» Exercise brief
From the records below, pull each line that has "Ngrid".

━━━━━ Extracted entries ━━━━━

lemma grid_sample_in_smooth_grid_funs:
  assumes "a < b" "smooth_fun f" "periodic_fun (b - a) f"
  shows "(\<lambda>h i. f (grid_pt a b (Ng h) i)) \<in> smooth_grid_funs"
proof -
  have "f (grid_pt a b (Ng h) (i + Ng h)) = f (grid_pt a b (Ng h) i)" if "h \<in> {0<..1}" for h i
  proof -
    have "grid_pt a b (Ng h) (i + Ng h) = grid_pt a b (Ng h) i + (b - a)"
      using Ng_pos[OF that] by (rule grid_pt_add_period)
    then show ?thesis
      using assms(3) unfolding periodic_fun_def by simp
  qed
  moreover have "\<exists>M. \<forall>h\<in>{0<..1}. \<forall>i. \<bar>(seq_diff ^^ k) (\<lambda>i. f (grid_pt a b (Ng h) i)) i\<bar> \<le> M * h ^ k"
    for k
  proof -
    obtain M where M: "\<And>x. \<bar>(deriv ^^ k) f x\<bar> \<le> M"
      using smooth_periodic_higher_deriv_bounded[OF assms(2,3)] assms(1) by auto
    then have "0 \<le> M"
      by (meson abs_ge_zero order_trans)
    have "\<bar>(seq_diff ^^ k) (\<lambda>i. f (grid_pt a b (Ng h) i)) i\<bar> \<le> M * ((b - a) / c1) ^ k * h ^ k"
      if h: "h \<in> {0<..1}" for h i
    proof -
      define d where "d = (b - a) / real (Ng h)"
      have "0 \<le> d"
        using assms(1) Ng_pos[OF h] unfolding d_def by simp
      have d: "d \<le> (b - a) / c1 * h"
        unfolding d_def using assms(1) h by (intro grid_mesh_le) auto
      have "(\<lambda>i. f (grid_pt a b (Ng h) i)) = (\<lambda>i. f (a + d * real i))"
        unfolding grid_pt_def d_def by simp
      then have "\<bar>(seq_diff ^^ k) (\<lambda>i. f (grid_pt a b (Ng h) i)) i\<bar> = \<bar>(fun_diff d ^^ k) f (a + d * real i)\<bar>"
        by (simp add: seq_diff_iter_sample)
      also have "\<dots> \<le> M * \<bar>d\<bar> ^ k"
        by (rule abs_fun_diff_iter_le[OF assms(2) M])
      also have "\<dots> \<le> M * ((b - a) / c1 * h) ^ k"
        using \<open>0 \<le> M\<close> \<open>0 \<le> d\<close> d by (intro mult_left_mono power_mono) auto
      also have "\<dots> = M * ((b - a) / c1) ^ k * h ^ k"
        by (simp only: power_mult_distrib mult.assoc)
      finally show ?thesis .
    qed
    then show ?thesis
      by blast
  qed
  ultimately show ?thesis
    unfolding smooth_grid_funs_def by blast
qed

lemma scaled_alg_grid_diag:
  assumes "a < b" "smooth_fun f" "periodic_fun (b - a) f"
  shows "scaled_alg 0 (\<lambda>h. grid_diag a b (Ng h) f)"
  unfolding grid_diag_def by (intro scaled_alg_op_alg op_alg.diag grid_sample_in_smooth_grid_funs[OF assms])

lemma scaled_alg_DF: "scaled_alg (-1) (\<lambda>h. DF (Ng h))"
  unfolding scaled_alg_def
proof (intro bexI ballI)
  show "(\<lambda>h. (h * real (Ng h)) \<cdot>\<^sub>m (cyc_shift (Ng h) + (-1) \<cdot>\<^sub>m 1\<^sub>m (Ng h))) \<in> op_alg"
    by (intro op_alg.smult op_alg.add op_alg.shift op_alg_one bdd_on_unit_h_Ng bdd_on_unit_const)
  fix h :: real assume "h \<in> {0<..1}"
  then show "DF (Ng h) = h powi -1 \<cdot>\<^sub>m ((h * real (Ng h)) \<cdot>\<^sub>m (cyc_shift (Ng h) + (-1) \<cdot>\<^sub>m 1\<^sub>m (Ng h)))"
    by (simp add: DF_eq smult_smult_mat mult.assoc[symmetric])
qed

lemma scaled_alg_DB: "scaled_alg (-1) (\<lambda>h. DB (Ng h))"
  unfolding scaled_alg_def
proof (intro bexI ballI)
  show "(\<lambda>h. (h * real (Ng h)) \<cdot>\<^sub>m (1\<^sub>m (Ng h) + (-1) \<cdot>\<^sub>m cyc_shift_inv (Ng h))) \<in> op_alg"
    by (intro op_alg.smult op_alg.add op_alg.shift_inv op_alg_one bdd_on_unit_h_Ng bdd_on_unit_const)
  fix h :: real assume "h \<in> {0<..1}"
  then show "DB (Ng h) = h powi -1 \<cdot>\<^sub>m ((h * real (Ng h)) \<cdot>\<^sub>m (1\<^sub>m (Ng h) + (-1) \<cdot>\<^sub>m cyc_shift_inv (Ng h)))"
    by (simp add: DB_eq smult_smult_mat mult.assoc[symmetric])
qed

lemma scaled_alg_D2: "scaled_alg (-2) (\<lambda>h. D2 (Ng h))"
  using scaled_alg_mult[OF scaled_alg_DB scaled_alg_DF] unfolding D2_def by simp

lemma scaled_alg_Dk: "scaled_alg (- int k) (\<lambda>h. Dk (Ng h) k)"
proof (cases "even k")
  case True
  then obtain j where "k = 2 * j"
    by blast
  then show ?thesis
    using scaled_alg_power[OF scaled_alg_D2, of j] by (simp add: Dk_def mult.commute)
next
  case False
  then obtain j where "k = 2 * j + 1"
    using oddE by blast
  then show ?thesis
    using scaled_alg_mult[OF scaled_alg_DF scaled_alg_power[OF scaled_alg_D2, of j]]
    by (simp add: Dk_def algebra_simps)
qed

lemma scaled_alg_opA: "scaled_alg (-1) (\<lambda>h. opA (Ng h) h)"
proof -
  have "scaled_alg (-1) (\<lambda>h. (-1) \<cdot>\<^sub>m (h powi 1 \<cdot>\<^sub>m D2 (Ng h)))"
    using scaled_alg_smult[OF _ scaled_alg_smult_powi[OF scaled_alg_D2, of 1]] by simp
  then show ?thesis
    by (rule scaled_alg_cong) (simp add: opA_def smult_smult_mat)
qed

lemma scaled_alg_opB:
  assumes "a < b" "smooth_fun V" "periodic_fun (b - a) V"
  shows "scaled_alg (-1) (\<lambda>h. opB a b (Ng h) h V)"
proof -
  have "scaled_alg (-1) (\<lambda>h. h powi -1 \<cdot>\<^sub>m grid_diag a b (Ng h) V)"
    using scaled_alg_smult_powi[OF scaled_alg_grid_diag[OF assms], of "-1"] by simp
  then show ?thesis
    by (rule scaled_alg_cong) (simp add: opB_def divide_inverse)
qed

lemma scaled_alg_observable:
  assumes "a < b" "\<And>m. m \<le> q \<Longrightarrow> smooth_fun (y m) \<and> periodic_fun (b - a) (y m)"
  shows "scaled_alg 0 (\<lambda>h. observable a b (Ng h) h q y)"
proof -
  have "scaled_alg 0 (\<lambda>h. foldr (\<lambda>m S. S + h ^ m \<cdot>\<^sub>m (grid_diag a b (Ng h) (y m) * Dk (Ng h) m))
      ms (0\<^sub>m (Ng h) (Ng h)))" if "\<forall>m\<in>set ms. m \<le> q" for ms
    using that
  proof (induction ms)
    case Nil
    then show ?case
      using scaled_alg_zero by simp
  next
    case (Cons m ms)
    have "scaled_alg (0 + - int m) (\<lambda>h. grid_diag a b (Ng h) (y m) * Dk (Ng h) m)"
      using assms Cons.prems by (intro scaled_alg_mult scaled_alg_grid_diag scaled_alg_Dk) auto
    from scaled_alg_smult_powi[OF this, of "int m"]
    have "scaled_alg 0 (\<lambda>h. h ^ m \<cdot>\<^sub>m (grid_diag a b (Ng h) (y m) * Dk (Ng h) m))"
      by simp
    then show ?case
      using scaled_alg_add[OF Cons.IH] Cons.prems by simp
  qed
  from this[of "[0..<Suc q]"] show ?thesis
    unfolding observable_def by simp
qed

end

theorem theorem4p10:
  fixes a b :: real and V :: "real \<Rightarrow> real" and q :: nat
    and y :: "nat \<Rightarrow> real \<Rightarrow> real"
    and words :: "bool list list"
    and Ngrid :: "real \<Rightarrow> nat"
  assumes "a < b"
    and "smooth_fun V" and "periodic_fun (b - a) V"
    and "\<And>m. m \<le> q \<Longrightarrow> smooth_fun (y m) \<and> periodic_fun (b - a) (y m)"
    and "words \<noteq> []" and "\<And>w. w \<in> set words \<Longrightarrow> w \<noteq> []"
    and "\<exists>c1 c2. 0 < c1 \<and> 0 < c2 \<and>
           (\<forall>h. 0 < h \<and> h \<le> 1 \<longrightarrow> c1 / h \<le> real (Ngrid h) \<and> real (Ngrid h) \<le> c2 / h)"
  shows "\<exists>C. \<forall>h. 0 < h \<and> h \<le> 1 \<longrightarrow>
           spec_norm (iter_comm
              (map (nested_comm (opA (Ngrid h) h) (opB a b (Ngrid h) h V)) words)
              (observable a b (Ngrid h) h q y)) \<le> C"
proof -
  obtain c1 c2 where "0 < c1"
    and "\<forall>h. 0 < h \<and> h \<le> 1 \<longrightarrow> c1 / h \<le> real (Ngrid h) \<and> real (Ngrid h) \<le> c2 / h"
    using assms(7) by blast
  then interpret quasi_uniform_grid Ngrid c1 c2
    by unfold_locales auto
  have "scaled_alg 0 (\<lambda>h. iter_comm (map (nested_comm (opA (Ngrid h) h) (opB a b (Ngrid h) h V)) words)
      (observable a b (Ngrid h) h q y))"
    using scaled_alg_opA scaled_alg_opB[OF assms(1-3)] assms(6) scaled_alg_observable[OF assms(1,4)]
    by (rule scaled_alg_iter_comm)
  from scaled_alg_bounded[OF this] show ?thesis
    by (metis greaterThanAtMost_iff)
qed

━━━━━

» Task output
    and Ngrid :: "real \<Rightarrow> nat"
           (\<forall>h. 0 < h \<and> h \<le> 1 \<longrightarrow> c1 / h \<le> real (Ngrid h) \<and> real (Ngrid h) \<le> c2 / h)"
              (map (nested_comm (opA (Ngrid h) h) (opB a b (Ngrid h) h V)) words)
              (observable a b (Ngrid h) h q y)) \<le> C"
    and "\<forall>h. 0 < h \<and> h \<le> 1 \<longrightarrow> c1 / h \<le> real (Ngrid h) \<and> real (Ngrid h) \<le> c2 / h"
  then interpret quasi_uniform_grid Ngrid c1 c2
  have "scaled_alg 0 (\<lambda>h. iter_comm (map (nested_comm (opA (Ngrid h) h) (opB a b (Ngrid h) h V)) words)
      (observable a b (Ngrid h) h q y))"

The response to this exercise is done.